On 10/03/2012 01:45 PM, Skip Montanaro wrote:
Is there a rough list of changes for 3.4 written down somewhere, or is that only to be inferred based on PEPs whose Python-Version header reads "3.4"? How confident are you that the schedule you've proposed gives enough time for proposed changes to be implemented and to stablize?

Here's a short list of proposed changes for 3.4--basically all the stuff that didn't make it in to 3.3:
Candidate PEPs:

* PEP 395: Qualified Names for Modules
* PEP 3143: Standard daemon process library
* PEP 3154: Pickle protocol version 4

Other proposed large-scale changes:

* Breaking out standard library and docs in separate repos
* Addition of the "packaging" module, deprecating "distutils"
* Addition of the "regex" module
* Email version 6
* A standard event-loop interface (PEP by Jim Fulton pending)
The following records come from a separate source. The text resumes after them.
(* Let $(X,d)$ be a compact metric space with a nonatomic Borel probability measure $\mu$, and let $T$ be an invertible ergodic measure-preserving transformation of $(X,\mu)$. If $T$ is uniformly rigid along a strictly increasing sequence $\{n_k\}$ of natural numbers, then $\{n_k\}$ has density zero, i.e. $\lim_{N\to\infty}\frac{1}{N}\#\{k: n_k\le N\}=0$.
   Context: $T$ is uniformly rigid along $\{n_k\}$ if $\sup_{x\in X} d(T^{n_k}x,x)\to 0$ as $k\to\infty$. *)

theory Defs
  imports "HOL-Probability.Probability"
begin

definition nonatomic :: "'a measure \<Rightarrow> bool" where
  "nonatomic M \<longleftrightarrow>
     \<not> (\<exists>A\<in>sets M. measure M A > 0 \<and>
          (\<forall>B\<in>sets M. B \<subseteq> A \<longrightarrow> measure M B = 0 \<or> measure M B = measure M A))"

definition measure_preserving :: "'a measure \<Rightarrow> ('a \<Rightarrow> 'a) \<Rightarrow> bool" where
  "measure_preserving M T \<longleftrightarrow> T \<in> measurable M M \<and> distr M M T = M"

definition ergodic :: "'a measure \<Rightarrow> ('a \<Rightarrow> 'a) \<Rightarrow> bool" where
  "ergodic M T \<longleftrightarrow>
     (\<forall>A\<in>sets M. T -` A \<inter> space M = A \<longrightarrow> measure M A = 0 \<or> measure M A = 1)"

definition uniformly_rigid :: "'a::metric_space set \<Rightarrow> ('a \<Rightarrow> 'a) \<Rightarrow> (nat \<Rightarrow> nat) \<Rightarrow> bool" where
  "uniformly_rigid X T n \<longleftrightarrow>
     ((\<lambda>k. SUP x\<in>X. dist ((T ^^ n k) x) x) \<longlonglongrightarrow> 0)"

end

theory Submission
  imports Defs
begin

text \<open>
  Suppose, for a contradiction, that the rigidity sequence \<open>n\<close> has positive upper
  density \<open>\<delta>\<close>.  A purely combinatorial argument shows that a set \<open>S\<close> of naturals of upper
  density at least \<open>\<delta>\<close> has a "difference cover": a finite \<open>G\<close> with \<open>card G \<le> 2/\<delta>\<close> such
  that every integer lies in \<open>G + S - S\<close> (take a maximal family of pairwise disjoint
  translates of \<open>S\<close>).  Dynamically, if \<open>S\<close> consists of \<open>\<epsilon>\<close>-rigidity times and the ball
  \<open>B(x0,\<epsilon>)\<close> has positive measure, then by ergodicity almost every point visits this
  ball in its two-sided orbit, and the difference cover moves every such point into
  \<open>B(x0,3\<epsilon>)\<close> by one of the maps \<open>T^g\<close>, \<open>g \<in> G\<close>; hence \<open>1 \<le> (2/\<delta>) \<mu>(B(x0,3\<epsilon>))\<close>.
  Since the measure is nonatomic, balls around a point of the support have positive but
  arbitrarily small measure, which contradicts this bound.
\<close>


definition upper_density_ge :: "nat set \<Rightarrow> real \<Rightarrow> bool" where
  "upper_density_ge S \<delta> \<longleftrightarrow> (\<forall>N0. \<exists>N\<ge>N0. \<delta> * real N \<le> real (card (S \<inter> {..N})))"

text \<open>A set of upper density \<open>\<delta> > 0\<close> has at most \<open>2/\<delta>\<close> pairwise disjoint integer
  translates: they all fit, up to an initial segment, into an interval of length about \<open>2N\<close>.\<close>
lemma disjoint_translates_card_le:
  fixes S :: "nat set" and F :: "int set"
  assumes \<delta>: "\<delta> > 0" and dens: "upper_density_ge S \<delta>"
    and fin: "finite F" and disj: "disjoint_family_on (\<lambda>f. (\<lambda>s. f + int s) ` S) F"
  shows "real (card F) \<le> 2 / \<delta>"
proof -
  define R where "R = nat (Max (insert 0 (abs ` F)))"
  have R: "\<bar>f\<bar> \<le> int R" if "f \<in> F" for f
    using fin that by (auto simp: R_def intro: Max_ge)
  obtain N where N: "N \<ge> 2 * R + 1" and cN: "\<delta> * real N \<le> real (card (S \<inter> {..N}))"
    using dens unfolding upper_density_ge_def by blast
  define A where "A f = (\<lambda>s. f + int s) ` (S \<inter> {..N})" for f
  have card_A: "card (A f) = card (S \<inter> {..N})" for f
    unfolding A_def by (rule card_image) (auto simp: inj_on_def)
  have "card F * card (S \<inter> {..N}) = (\<Sum>f\<in>F. card (A f))" by (simp add: card_A)
  also have "\<dots> = card (\<Union>f\<in>F. A f)"
    using fin disj by (intro card_UN_disjoint[symmetric]) (auto simp: A_def disjoint_family_on_def)
  also have "\<dots> \<le> card {-int R..int R + int N}"
    using R by (intro card_mono) (force simp: A_def)+
  also have "\<dots> \<le> 2 * N" using N by simp
  finally have "real (card F) * real (card (S \<inter> {..N})) \<le> 2 * real N"
    by (metis of_nat_le_iff of_nat_mult of_nat_numeral)
  moreover have "real (card F) * (\<delta> * real N) \<le> real (card F) * real (card (S \<inter> {..N}))"
    using cN by (simp add: mult_left_mono)
  ultimately have "(real (card F) * \<delta>) * real N \<le> 2 * real N" by (simp add: mult.assoc)
  moreover have "real N > 0" using N by simp
  ultimately show ?thesis using \<delta> by (simp add: field_simps)
qed

text \<open>The translates by a maximal family with
  disjoint translates of \<open>S\<close> meet every other translate; shifting the family to start at 0
  makes its elements natural.\<close>
lemma difference_set_cover:
  fixes S :: "nat set"
  assumes \<delta>: "\<delta> > 0" and dens: "upper_density_ge S \<delta>"
  obtains G :: "nat set" where "finite G" and "real (card G) \<le> 2 / \<delta>"
    and "\<And>m::int. \<exists>g\<in>G. \<exists>s1\<in>S. \<exists>s2\<in>S. m + int s1 = int g + int s2"
proof -
  define admissible where
    "admissible k \<longleftrightarrow> (\<exists>F. finite F \<and> disjoint_family_on (\<lambda>f. (\<lambda>s. f + int s) ` S) F \<and> card F = k)"
    for k
  have adm1: "admissible 1"
    unfolding admissible_def by (rule exI[of _ "{0}"]) (simp add: disjoint_family_on_def)
  moreover have adm_bounded: "\<forall>k. admissible k \<longrightarrow> k \<le> nat \<lfloor>2 / \<delta>\<rfloor>"
  proof (intro allI impI)
    fix k assume "admissible k"
    then obtain F where "finite F" "disjoint_family_on (\<lambda>f. (\<lambda>s. f + int s) ` S) F" "card F = k"
      unfolding admissible_def by blast
    then have "real k \<le> 2 / \<delta>" using disjoint_translates_card_le[OF \<delta> dens] by blast
    then show "k \<le> nat \<lfloor>2 / \<delta>\<rfloor>" by linarith
  qed
  ultimately obtain k where "admissible k" and k_max: "\<And>k'. admissible k' \<Longrightarrow> k' \<le> k"
    using Nat.ex_has_greatest_nat[OF adm1 adm_bounded] by blast
  then obtain F where fin: "finite F" and disj: "disjoint_family_on (\<lambda>f. (\<lambda>s. f + int s) ` S) F"
    and card_F: "card F = k"
    unfolding admissible_def by blast
  have "S \<noteq> {}"
  proof -
    obtain N where "N \<ge> 1" and "\<delta> * real N \<le> real (card (S \<inter> {..N}))"
      using dens unfolding upper_density_ge_def by blast
    moreover have "\<delta> * real N > 0" using \<delta> \<open>N \<ge> 1\<close> by simp
    ultimately have "card (S \<inter> {..N}) > 0" by linarith
    then show ?thesis by auto
  qed
  have meets: "\<exists>f\<in>F. \<exists>s1\<in>S. \<exists>s2\<in>S. m + int s1 = f + int s2" for m
  proof (cases "m \<in> F")
    case True
    then show ?thesis using \<open>S \<noteq> {}\<close> by blast
  next
    case False
    show ?thesis
    proof (rule ccontr)
      assume no_meet: "\<not> ?thesis"
      have "(\<lambda>s. m + int s) ` S \<inter> (\<Union>f\<in>F. (\<lambda>s. f + int s) ` S) = {}"
        using no_meet by auto
      then have "disjoint_family_on (\<lambda>f. (\<lambda>s. f + int s) ` S) (insert m F)"
        using disj False by (simp add: disjoint_family_on_insert)
      then have "admissible (Suc k)"
        unfolding admissible_def using False fin card_F by (intro exI[of _ "insert m F"]) simp
      then show False using k_max by fastforce
    qed
  qed
  define a where "a = Min F"
  have a_le: "a \<le> f" if "f \<in> F" for f unfolding a_def using fin that by simp
  define G where "G = (\<lambda>f. nat (f - a)) ` F"
  have "finite G" unfolding G_def using fin by simp
  moreover have "real (card G) \<le> 2 / \<delta>"
    using card_image_le[OF fin, of "\<lambda>f. nat (f - a)"] disjoint_translates_card_le[OF \<delta> dens fin disj]
    unfolding G_def by linarith
  moreover have "\<exists>g\<in>G. \<exists>s1\<in>S. \<exists>s2\<in>S. m + int s1 = int g + int s2" for m
  proof -
    obtain f s1 s2 where "f \<in> F" "s1 \<in> S" "s2 \<in> S" "m + a + int s1 = f + int s2"
      using meets[of "m + a"] by blast
    moreover from \<open>f \<in> F\<close> have "int (nat (f - a)) = f - a" using a_le by simp
    ultimately have "m + int s1 = int (nat (f - a)) + int s2" by simp
    then show ?thesis unfolding G_def using \<open>f \<in> F\<close> \<open>s1 \<in> S\<close> \<open>s2 \<in> S\<close> by blast
  qed
  ultimately show ?thesis using that by blast
qed

lemma upper_density_ge_diff_finite:
  fixes S D :: "nat set"
  assumes \<delta>: "\<delta> > 0" and dens: "upper_density_ge S \<delta>" and fin: "finite D"
  shows "upper_density_ge (S - D) (\<delta> / 2)"
  unfolding upper_density_ge_def
proof
  fix N0
  obtain N where N: "N \<ge> max N0 (nat \<lceil>2 * real (card D) / \<delta>\<rceil>)"
    and dN: "\<delta> * real N \<le> real (card (S \<inter> {..N}))"
    using dens unfolding upper_density_ge_def by blast
  have "card (S \<inter> {..N}) \<le> card ((S - D) \<inter> {..N} \<union> D)"
    using fin by (intro card_mono) auto
  also have "\<dots> \<le> card ((S - D) \<inter> {..N}) + card D" by (rule card_Un_le)
  finally have "real (card (S \<inter> {..N})) \<le> real (card ((S - D) \<inter> {..N})) + real (card D)"
    by linarith
  moreover have "2 * real (card D) \<le> \<delta> * real N"
  proof -
    have "2 * real (card D) / \<delta> \<le> real N" using N by linarith
    then show ?thesis using \<delta> by (simp add: field_simps)
  qed
  ultimately show "\<exists>N\<ge>N0. \<delta> / 2 * real N \<le> real (card ((S - D) \<inter> {..N}))"
    using N dN by (intro exI[of _ N]) auto
qed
As for the rest of it, my understanding was that there is no longer any great plan written in the stars for Python releases.  Python releases are comprised of whatever features people propose, implement, and are willing to support, that they can get done in time for the beta cutoff.  From that perspective, the schedule drives the features more than the other-way around.

The schedule proposes six weeks between feature-freeze and release.  If that isn't enough we'll slip a little.  But given that we have little idea what features will make it in to 3.4, it's hard to say for certain whether or not that's enough time.  At this point all I can do is propose a schedule and hope for the best.